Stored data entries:
(* Let $\mathcal{F}$ be a $3$-uniform linear family with $S_{\mathcal{F}}=\emptyset$, let $\mathcal{M}$ be a maximum matching of $\mathcal{F}$, and let $\mathcal{M}_1=\{A_1,\ldots,A_m\}$, $\mathcal{M}_2$, $x_1,\ldots,x_m$ and $\mathcal{E}_2$ be as defined below. Then $\mathcal{E}_2=\emptyset$.
   Context: A family is a finite collection of distinct subsets of a vertex set; $3$-uniform means every member has exactly $3$ elements and linear means any two distinct members share at most one vertex. A matching is a collection of pairwise disjoint members; a maximum matching is one of largest size. $S_{\mathcal{F}}$ is the set of vertices covered by every maximum matching of $\mathcal{F}$. $\mathcal{F}_x=\{E\in\mathcal{F}:x\in E\}$; for a subfamily $\mathcal{N}$, $X_{\mathcal{N}}=\bigcup_{E\in\mathcal{N}}E$. $D_1(\mathcal{F})=\{E\in\mathcal{F}:|E\cap X_{\mathcal{M}}|=1\}$; for $A\in\mathcal{M}$, $D_1(A)=\{E\in D_1(\mathcal{F}):E\cap A\neq\emptyset\}$ and $d_1(A)=|D_1(A)|$. Let $\mathcal{M}_1=\{A\in\mathcal{M}: d_1(A)\geq 7\}=\{A_1,\ldots,A_m\}$ and $\mathcal{M}_2=\mathcal{M}\setminus\mathcal{M}_1$. For each $A_i\in\mathcal{M}_1$ all edges of $D_1(A_i)$ contain a common vertex of $A_i$ (such a vertex exists and is unique); call it $x_i$. Define $\mathcal{E}_1=\bigcup_{i=1}^m\mathcal{F}_{x_i}$ and $\mathcal{E}_2=\{E\in\mathcal{F}: E\cap B=\emptyset\text{ for all }B\in\mathcal{M}_2\}\setminus\mathcal{E}_1$. *)

theory Defs
  imports Main
begin

definition uniform3 :: "'a set set \<Rightarrow> bool" where
  "uniform3 F \<longleftrightarrow> (\<forall>E\<in>F. card E = 3)"

definition linear_family :: "'a set set \<Rightarrow> bool" where
  "linear_family F \<longleftrightarrow> (\<forall>E\<in>F. \<forall>E'\<in>F. E \<noteq> E' \<longrightarrow> card (E \<inter> E') \<le> 1)"

definition is_matching :: "'a set set \<Rightarrow> 'a set set \<Rightarrow> bool" where
  "is_matching F N \<longleftrightarrow> N \<subseteq> F \<and> (\<forall>E\<in>N. \<forall>E'\<in>N. E \<noteq> E' \<longrightarrow> E \<inter> E' = {})"

definition is_max_matching :: "'a set set \<Rightarrow> 'a set set \<Rightarrow> bool" where
  "is_max_matching F M \<longleftrightarrow> is_matching F M \<and> (\<forall>N. is_matching F N \<longrightarrow> card N \<le> card M)"

definition S_fam :: "'a set set \<Rightarrow> 'a set" where
  "S_fam F = {v. \<forall>M. is_max_matching F M \<longrightarrow> v \<in> \<Union>M}"

definition star :: "'a set set \<Rightarrow> 'a \<Rightarrow> 'a set set" where
  "star F x = {E\<in>F. x \<in> E}"

definition D1 :: "'a set set \<Rightarrow> 'a set set \<Rightarrow> 'a set set" where
  "D1 F M = {E\<in>F. card (E \<inter> \<Union>M) = 1}"

definition D1A :: "'a set set \<Rightarrow> 'a set set \<Rightarrow> 'a set \<Rightarrow> 'a set set" where
  "D1A F M A = {E\<in>D1 F M. E \<inter> A \<noteq> {}}"

definition d1 :: "'a set set \<Rightarrow> 'a set set \<Rightarrow> 'a set \<Rightarrow> nat" where
  "d1 F M A = card (D1A F M A)"

definition M1 :: "'a set set \<Rightarrow> 'a set set \<Rightarrow> 'a set set" where
  "M1 F M = {A\<in>M. d1 F M A \<ge> 7}"

definition M2 :: "'a set set \<Rightarrow> 'a set set \<Rightarrow> 'a set set" where
  "M2 F M = M - M1 F M"

definition center :: "'a set set \<Rightarrow> 'a set set \<Rightarrow> 'a set \<Rightarrow> 'a" where
  "center F M A = (THE x. x \<in> A \<and> (\<forall>E\<in>D1A F M A. x \<in> E))"

definition E1 :: "'a set set \<Rightarrow> 'a set set \<Rightarrow> 'a set set" where
  "E1 F M = (\<Union>A\<in>M1 F M. star F (center F M A))"

definition E2 :: "'a set set \<Rightarrow> 'a set set \<Rightarrow> 'a set set" where
  "E2 F M = {E\<in>F. \<forall>B\<in>M2 F M. E \<inter> B = {}} - E1 F M"

end

theory Submission
  imports Defs
begin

* [Task brief]:
Print the entries exactly.

* [Solution to this problem]:
(* Let $\mathcal{F}$ be a $3$-uniform linear family with $S_{\mathcal{F}}=\emptyset$, let $\mathcal{M}$ be a maximum matching of $\mathcal{F}$, and let $\mathcal{M}_1=\{A_1,\ldots,A_m\}$, $\mathcal{M}_2$, $x_1,\ldots,x_m$ and $\mathcal{E}_2$ be as defined below. Then $\mathcal{E}_2=\emptyset$.
   Context: A family is a finite collection of distinct subsets of a vertex set; $3$-uniform means every member has exactly $3$ elements and linear means any two distinct members share at most one vertex. A matching is a collection of pairwise disjoint members; a maximum matching is one of largest size. $S_{\mathcal{F}}$ is the set of vertices covered by every maximum matching of $\mathcal{F}$. $\mathcal{F}_x=\{E\in\mathcal{F}:x\in E\}$; for a subfamily $\mathcal{N}$, $X_{\mathcal{N}}=\bigcup_{E\in\mathcal{N}}E$. $D_1(\mathcal{F})=\{E\in\mathcal{F}:|E\cap X_{\mathcal{M}}|=1\}$; for $A\in\mathcal{M}$, $D_1(A)=\{E\in D_1(\mathcal{F}):E\cap A\neq\emptyset\}$ and $d_1(A)=|D_1(A)|$. Let $\mathcal{M}_1=\{A\in\mathcal{M}: d_1(A)\geq 7\}=\{A_1,\ldots,A_m\}$ and $\mathcal{M}_2=\mathcal{M}\setminus\mathcal{M}_1$. For each $A_i\in\mathcal{M}_1$ all edges of $D_1(A_i)$ contain a common vertex of $A_i$ (such a vertex exists and is unique); call it $x_i$. Define $\mathcal{E}_1=\bigcup_{i=1}^m\mathcal{F}_{x_i}$ and $\mathcal{E}_2=\{E\in\mathcal{F}: E\cap B=\emptyset\text{ for all }B\in\mathcal{M}_2\}\setminus\mathcal{E}_1$. *)

theory Defs
  imports Main
begin

definition uniform3 :: "'a set set \<Rightarrow> bool" where
  "uniform3 F \<longleftrightarrow> (\<forall>E\<in>F. card E = 3)"

definition linear_family :: "'a set set \<Rightarrow> bool" where
  "linear_family F \<longleftrightarrow> (\<forall>E\<in>F. \<forall>E'\<in>F. E \<noteq> E' \<longrightarrow> card (E \<inter> E') \<le> 1)"

definition is_matching :: "'a set set \<Rightarrow> 'a set set \<Rightarrow> bool" where
  "is_matching F N \<longleftrightarrow> N \<subseteq> F \<and> (\<forall>E\<in>N. \<forall>E'\<in>N. E \<noteq> E' \<longrightarrow> E \<inter> E' = {})"

definition is_max_matching :: "'a set set \<Rightarrow> 'a set set \<Rightarrow> bool" where
  "is_max_matching F M \<longleftrightarrow> is_matching F M \<and> (\<forall>N. is_matching F N \<longrightarrow> card N \<le> card M)"

definition S_fam :: "'a set set \<Rightarrow> 'a set" where
  "S_fam F = {v. \<forall>M. is_max_matching F M \<longrightarrow> v \<in> \<Union>M}"

definition star :: "'a set set \<Rightarrow> 'a \<Rightarrow> 'a set set" where
  "star F x = {E\<in>F. x \<in> E}"

definition D1 :: "'a set set \<Rightarrow> 'a set set \<Rightarrow> 'a set set" where
  "D1 F M = {E\<in>F. card (E \<inter> \<Union>M) = 1}"

definition D1A :: "'a set set \<Rightarrow> 'a set set \<Rightarrow> 'a set \<Rightarrow> 'a set set" where
  "D1A F M A = {E\<in>D1 F M. E \<inter> A \<noteq> {}}"

definition d1 :: "'a set set \<Rightarrow> 'a set set \<Rightarrow> 'a set \<Rightarrow> nat" where
  "d1 F M A = card (D1A F M A)"

definition M1 :: "'a set set \<Rightarrow> 'a set set \<Rightarrow> 'a set set" where
  "M1 F M = {A\<in>M. d1 F M A \<ge> 7}"

definition M2 :: "'a set set \<Rightarrow> 'a set set \<Rightarrow> 'a set set" where
  "M2 F M = M - M1 F M"

definition center :: "'a set set \<Rightarrow> 'a set set \<Rightarrow> 'a set \<Rightarrow> 'a" where
  "center F M A = (THE x. x \<in> A \<and> (\<forall>E\<in>D1A F M A. x \<in> E))"

definition E1 :: "'a set set \<Rightarrow> 'a set set \<Rightarrow> 'a set set" where
  "E1 F M = (\<Union>A\<in>M1 F M. star F (center F M A))"

definition E2 :: "'a set set \<Rightarrow> 'a set set \<Rightarrow> 'a set set" where
  "E2 F M = {E\<in>F. \<forall>B\<in>M2 F M. E \<inter> B = {}} - E1 F M"

end

theory Submission
  imports Defs
begin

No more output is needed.